Ringfort (Rath), Kiltogorra, Co. Mayo
Co. Mayo |
Ringforts
There is something quietly unsettling about a monument that survives only as a shadow in a field.
At Kiltogorra in County Mayo, what may once have been a ringfort, a circular earthwork enclosure of the kind built across Ireland during the early medieval period, has been reduced to the faintest possible trace: a cropmark visible only from the air, where differential growth in the grass or grain above buried soil betrays the outline of something that once stood here.

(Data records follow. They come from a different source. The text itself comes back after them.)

(* Let $X$ be a compact metric space and let $f\colon X\to X$ be a homeomorphism. If there exists a Borel probability measure on $X$ which is inner-distal with respect to $f$, then there exists an $f$-invariant Borel probability measure on $X$ which is inner-distal with respect to $f$.
   Context: For a homeomorphism $f\colon X\to X$ of a metric space $(X,d)$, the proximal cell of $x$ is $\mathcal{P}(x)=\{y\in X\colon \inf_{n\in\mathbb{Z}} d(f^n(x),f^n(y))=0\}$. A Borel probability measure $\mu$ is inner-distal with respect to $f$ if $\mu(\operatorname{Int}\mathcal{P}(x))=0$ for every $x\in X$. It is $f$-invariant if $\mu(f^{-1}(A))=\mu(A)$ for every Borel set $A$. *)

theory Defs
  imports "HOL-Probability.Probability"
begin

definition ziter :: "'a set \<Rightarrow> ('a \<Rightarrow> 'a) \<Rightarrow> int \<Rightarrow> 'a \<Rightarrow> 'a" where
  "ziter X f n = (if 0 \<le> n then f ^^ nat n else (inv_into X f) ^^ nat (- n))"

definition proximal_cell :: "'a::metric_space set \<Rightarrow> ('a \<Rightarrow> 'a) \<Rightarrow> 'a \<Rightarrow> 'a set" where
  "proximal_cell X f x = {y \<in> X. (INF n::int. dist (ziter X f n x) (ziter X f n y)) = 0}"

definition borel_prob_on :: "'a::topological_space set \<Rightarrow> 'a measure \<Rightarrow> bool" where
  "borel_prob_on X M \<longleftrightarrow> prob_space M \<and> sets M = sets (restrict_space borel X)"

definition inner_distal :: "'a::metric_space set \<Rightarrow> ('a \<Rightarrow> 'a) \<Rightarrow> 'a measure \<Rightarrow> bool" where
  "inner_distal X f M \<longleftrightarrow>
     (\<forall>x\<in>X. emeasure M ((top_of_set X) interior_of (proximal_cell X f x)) = 0)"

definition f_invariant :: "'a set \<Rightarrow> ('a \<Rightarrow> 'a) \<Rightarrow> 'a measure \<Rightarrow> bool" where
  "f_invariant X f M \<longleftrightarrow> (\<forall>A\<in>sets M. emeasure M (f -` A \<inter> X) = emeasure M A)"

end

theory Submission
  imports Defs
begin

text \<open>
  A point of X outside the interiors of all proximal cells exists, since finitely many of these
  null sets cannot cover X. The union of the interiors is mapped into itself by f^-1, so the
  whole forward orbit of such a point avoids it. As in the Krylov-Bogolyubov theorem, a cluster
  point of the empirical averages along this orbit, taken in the compact cube of set functions
  with values in [0,1] (Tychonoff), is a finitely additive f-invariant mean; it vanishes on every
  interior. This mean is turned into a Borel probability measure by the Riesz-type construction
  (inner regularisation on compact sets, then Caratheodory's outer measure); the resulting measure
  is dominated by the mean on open sets and inherits its invariance.
\<close>

section \<open>Invariant means along an orbit\<close>

lemma compact_Pi_UNIV_unit_interval: "compact (UNIV \<rightarrow> {0..1::real})"
proof -
  have "compactin (product_topology (\<lambda>_. euclidean) UNIV) (PiE UNIV (\<lambda>_::'a. {0..1::real}))"
    by (simp add: compactin_PiE)
  then show ?thesis
    by (simp add: euclidean_product_topology compactin_euclidean_iff PiE_UNIV_domain)
qed

lemma compact_sequence_cluster_point:
  fixes s :: "nat \<Rightarrow> 'a::topological_space"
  assumes "compact K" "\<And>n. s n \<in> K"
  obtains l where "l \<in> K" "inf (nhds l) (filtermap s sequentially) \<noteq> bot"
  using assms(1)[unfolded compact_filter, rule_format, of "filtermap s sequentially"] assms(2)
  by (auto simp: eventually_filtermap filtermap_bot_iff)

lemma cluster_point_continuous_limit:
  fixes \<Phi> :: "'a::topological_space \<Rightarrow> 'b::t2_space"
  assumes "inf (nhds l) (filtermap s sequentially) \<noteq> bot"
    and "continuous_on UNIV \<Phi>" "(\<lambda>n. \<Phi> (s n)) \<longlonglongrightarrow> c"
  shows "\<Phi> l = c"
proof (rule tendsto_unique[OF assms(1)])
  have "(\<Phi> \<longlongrightarrow> \<Phi> l) (at l)"
    using assms(2) by (simp add: continuous_on_def)
  then show "(\<Phi> \<longlongrightarrow> \<Phi> l) (inf (nhds l) (filtermap s sequentially))"
    by (intro tendsto_mono[OF inf_le1]) (simp add: tendsto_at_iff_tendsto_nhds)
  show "(\<Phi> \<longlongrightarrow> c) (inf (nhds l) (filtermap s sequentially))"
    by (intro tendsto_mono[OF inf_le2]) (simp add: filterlim_filtermap assms(3))
qed

definition orbit_average :: "('a \<Rightarrow> 'a) \<Rightarrow> 'a \<Rightarrow> nat \<Rightarrow> 'a set \<Rightarrow> real" where
  "orbit_average f x n A = (\<Sum>k<n. indicator A ((f ^^ k) x)) / real n"

lemma orbit_average_bounds: "orbit_average f x n A \<in> {0..1}"
proof -
  have "(\<Sum>k<n. indicator A ((f ^^ k) x) :: real) \<le> (\<Sum>k<n. 1)"
    by (intro sum_mono) (auto simp: indicator_def)
  moreover have "0 \<le> (\<Sum>k<n. indicator A ((f ^^ k) x) :: real)"
    by (intro sum_nonneg) auto
  ultimately show ?thesis
    unfolding orbit_average_def by (cases "n = 0") (auto simp: divide_le_eq_1)
qed

lemma orbit_average_Un:
  "A \<inter> B = {} \<Longrightarrow> orbit_average f x n (A \<union> B) = orbit_average f x n A + orbit_average f x n B"
  by (simp add: orbit_average_def indicator_disj_union sum.distrib add_divide_distrib)

lemma orbit_average_UNIV: "n > 0 \<Longrightarrow> orbit_average f x n UNIV = 1"
  by (simp add: orbit_average_def)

The Ordnance Survey's six-inch map of 1838 recorded the site as a clearly defined circular enclosure of ringfort proportions, suggesting it was still legible on the ground at that point. By the 1929 edition, only an arc of hachures, the cartographic shorthand for an earthwork bank or slope, remained, curving from the south-west around to the east-north-east. Aerial photography has since revealed a circular cropmark roughly 25 to 30 metres in diameter lying in level pasture. Lavelle, writing in 1994, was more direct: the site was recorded as "levelled; no visible trace." At some point between the first mapping and the twentieth century, whatever earthwork had survived into the modern era was removed entirely, most likely through agricultural improvement of the surrounding land.
What the cropmark preserves is the memory of a ditch or bank cut into the subsoil, whose filled or compacted earth still influences how plants grow above it, even when the surface itself has been smoothed flat. It is a category of site that demands imagination more than observation; the field at Kiltogorra looks, to the eye, like any other.